Little praise, however, can be given to the results of the reforms. They are a failure organizationally; their economic effect is negative; and, most importantly, they resulted in undermining our general public’s trust in the market economy and in the good faith of our overseas partners.

It should be noted that these results were predicted by some, because it is impossible to implement modern free market mechanisms in an archaic political system environment. When the World Bank demonstrates an amazing persistence in promoting its economic reforms and, at the same time, displays complete indifference to the formation of the independent judiciary, a multi-partisan political system, and the right of the Parliament to control the executive branch, it should be held responsible for the spread of corruption that has become the leading problem in Kazakhstan today.

In conclusion, we would like to address the most important things that may take the country out of its current crisis.

President Nazarbayev today enjoys unchallenged power in the country. He has sufficient authority to start and implement a systematic democratization process. However, such process needs to be backed up by clear goals, resources, guarantees, and, most importantly, the unshakable political will of our overseas partners.

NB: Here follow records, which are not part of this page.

definition cf_conj_norm :: "real \<Rightarrow> real \<Rightarrow> nat \<Rightarrow> real" where
  "cf_conj_norm x x' i = \<bar>(of_int (cf_p x i) - of_int (cf_q x i) * x') *
                           (of_int (cf_p x i) - of_int (cf_q x i) * x)\<bar>"

lemma cf_conj_norm_eq:
  assumes "x \<notin> \<rat>" "1 < x" "x' < 0"
  shows "cf_conj_norm x x' i =
           (x - x') / cf_cq x (Suc i)
         - (x - x') * of_int (cf_Q x (Suc i)) / (cf_cq x (Suc i) * cf_den x (Suc i))
         + (-1) ^ Suc i / (cf_den x (Suc i))\<^sup>2"
proof -
  define e where "e = cf_err x (Suc (Suc i))"
  have "cf_conj_norm x x' i = \<bar>(e + of_int (cf_q x i) * (x - x')) * e\<bar>"
    by (simp add: cf_conj_norm_def e_def cf_err_def algebra_simps)
  also have "\<dots> = (x - x') / cf_cq x (Suc i)
         - (x - x') * of_int (cf_Q x (Suc i)) / (cf_cq x (Suc i) * cf_den x (Suc i))
         + (-1) ^ Suc i / (cf_den x (Suc i))\<^sup>2"
  proof (rule abs_mult_err_eq)
    show "e * cf_den x (Suc i) = (-1) ^ Suc i"
      unfolding e_def by (rule cf_err_mult_den[OF assms(1)])
    show "cf_den x (Suc i) = cf_cq x (Suc i) * of_int (cf_q x i) + of_int (cf_Q x (Suc i))"
      by (simp add: cf_den_def)
    show "1 < cf_den x (Suc i)"
      using cf_den_ge[OF assms(1,2), of "Suc i"] cf_cq_gt_one[OF assms(1,2), of "Suc i"]
        cf_Q_nonneg[OF assms(1), of "Suc i"] by simp
    show "0 < cf_cq x (Suc i)" by (rule cf_cq_pos[OF assms(1,2)])
    show "1 \<le> of_int (cf_q x i) * (x - x')"
      using le_mult_of_one_le[of "of_int (cf_q x i)" "x - x'" 1] cf_q_ge_one[OF assms(1), of i] assms(2,3)
      by simp
  qed simp
  finally show ?thesis .
qed
lemma compact_operator_of_compact_power:
  fixes S :: "'a::banach \<Rightarrow> 'a"
  assumes S: "bounded_linear S"
    and approx: "\<And>e. e > 0 \<Longrightarrow>
      \<exists>B. bounded_linear B \<and> (\<forall>x. norm (S x - B (S (S x))) \<le> e * norm x)"
    and "compact_operator (S ^^ Suc n)"
  shows "compact_operator S"
  using assms(3)
proof (induction n)
  case 0
  then show ?case by simp
next
  case (Suc n)
  then show ?case using compact_operator_power_descent[OF S approx] by blast
qed

lemma is_resolvent_resolvent:
  assumes "l \<in> resolvent_set D A"
  shows "is_resolvent D A l (resolvent D A l)"
proof -
  obtain R where "is_resolvent D A l R"
    using assms unfolding resolvent_set_def by blast
  then show ?thesis
    unfolding resolvent_def by (rule someI[where P = "is_resolvent D A l"])
qed

lemma is_resolvent_scaleC:
  assumes cl: "closed_operator D A" and R: "is_resolvent D A l R"
  shows "R (c *\<^sub>C y) = c *\<^sub>C R y"
proof -
  from R have "R y \<in> D" and Ry: "l *\<^sub>C R y - A (R y) = y"
    and inv: "\<And>x. x \<in> D \<Longrightarrow> R (l *\<^sub>C x - A x) = x"
    by (auto simp: is_resolvent_def)
  with cl have "c *\<^sub>C R y \<in> D" and "A (c *\<^sub>C R y) = c *\<^sub>C A (R y)"
    by (auto simp: closed_operator_def)
  then have "l *\<^sub>C (c *\<^sub>C R y) - A (c *\<^sub>C R y) = c *\<^sub>C (l *\<^sub>C R y - A (R y))"
    by (simp add: scaleC_diff_right scaleC_scaleC mult.commute)
  then show ?thesis
    using inv[OF \<open>c *\<^sub>C R y \<in> D\<close>] Ry by simp
qed
(* Let $\Lambda_\infty=(r_0=0,r_1,r_2,\dots)$ be strictly increasing with $\lim_{n\to\infty}r_n=\infty$ and $\sum_{i=1}^\infty 1/r_i<\infty$. Let $0<a<1$, $n\ge1$, and let $P\in E(\Lambda_n)$ be $\mathbb{R}^s$-valued with $P'(a)\neq 0$. Then there is a constant $c>0$ depending only on $\Lambda_\infty$ and $a$ such that for all $m\ge n$, $$\bigl\|\eta_0(P,\Lambda_m,[a,1])-\eta_1(P,\Lambda_m,[a,1])\bigr\|_\infty\ \ge\ \frac{\|P'(a)\|_\infty}{c}>0 .$$
   Context: For a sequence $0=r_0<r_1<r_2<\cdots$ of reals, write $\Lambda_n=(r_0,\dots,r_n)$ and $E(\Lambda_n)=\mathrm{span}(t^{r_0}=1,t^{r_1},\dots,t^{r_n})$ (functions on $]0,\infty[$); an $\mathbb{R}^s$-valued element of $E(\Lambda_n)$ is a map $t\mapsto\sum_{k=0}^n t^{r_k}A_k$ with $A_k\in\mathbb{R}^s$. For an interval $[a,b]$ with $0<a<b$, the Chebyshev–Bernstein basis $(B^n_{0,\Lambda_n},\dots,B^n_{n,\Lambda_n})$ of $E(\Lambda_n)$ over $[a,b]$ is the unique basis of $E(\Lambda_n)$ with $\sum_{k=0}^n B^n_{k,\Lambda_n}\equiv 1$ such that, for each $k$, $B^n_{k,\Lambda_n}$ has a zero of multiplicity (exactly) $k$ at $a$ and of multiplicity $n-k$ at $b$. For $P\in E(\Lambda_n)$ and $m\ge n$, the control points $\eta_i(P,\Lambda_m,[a,b])\in\mathbb{R}^s$, $i=0,\dots,m$, are defined by $P(t)=\sum_{i=0}^m B^m_{i,\Lambda_m}(t)\,\eta_i(P,\Lambda_m,[a,b])$. *)

theory Defs
  imports "HOL-Analysis.Analysis"
begin

definition inE :: "(nat \<Rightarrow> real) \<Rightarrow> nat \<Rightarrow> (real \<Rightarrow> real) \<Rightarrow> bool" where
  "inE r n f \<longleftrightarrow> (\<exists>A::nat \<Rightarrow> real. \<forall>t>0. f t = (\<Sum>k\<le>n. A k * t powr r k))"

definition zero_mult :: "(real \<Rightarrow> real) \<Rightarrow> real \<Rightarrow> nat \<Rightarrow> bool" where
  "zero_mult f x k \<longleftrightarrow> (\<forall>j<k. (deriv ^^ j) f x = 0) \<and> (deriv ^^ k) f x \<noteq> 0"

definition CB_basis :: "(nat \<Rightarrow> real) \<Rightarrow> nat \<Rightarrow> real \<Rightarrow> real \<Rightarrow> (nat \<Rightarrow> real \<Rightarrow> real) \<Rightarrow> bool" where
  "CB_basis r n a b B \<longleftrightarrow>
     (\<forall>k\<le>n. inE r n (B k)) \<and>
     (\<forall>c::nat \<Rightarrow> real. (\<forall>t>0. (\<Sum>k\<le>n. c k * B k t) = 0) \<longrightarrow> (\<forall>k\<le>n. c k = 0)) \<and>
     (\<forall>f. inE r n f \<longrightarrow> (\<exists>c::nat \<Rightarrow> real. \<forall>t>0. f t = (\<Sum>k\<le>n. c k * B k t))) \<and>
     (\<forall>t>0. (\<Sum>k\<le>n. B k t) = 1) \<and>
     (\<forall>k\<le>n. zero_mult (B k) a k \<and> zero_mult (B k) b (n - k))"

Currently everyone’s focus is on the upcoming parliamentary elections. The law that has been recently adopted does not help make the elections honest and competitive, but the President has all that’s necessary to prevent a negative outcome, and he needs all the support he can get.

In addition, we believe that a speedy government restructuring is needed, where the leading representatives of major Kazakh political movements are included in the government to restore the general pubic and the business community trust in our political system. The new government must immediately begin consulting international organizations on a joint action plan that would not only ensure the economic stabilization, but also improve on the current legal, regulatory, and parliamentary systems, as well as help form local governments that enjoy free elections and real authority.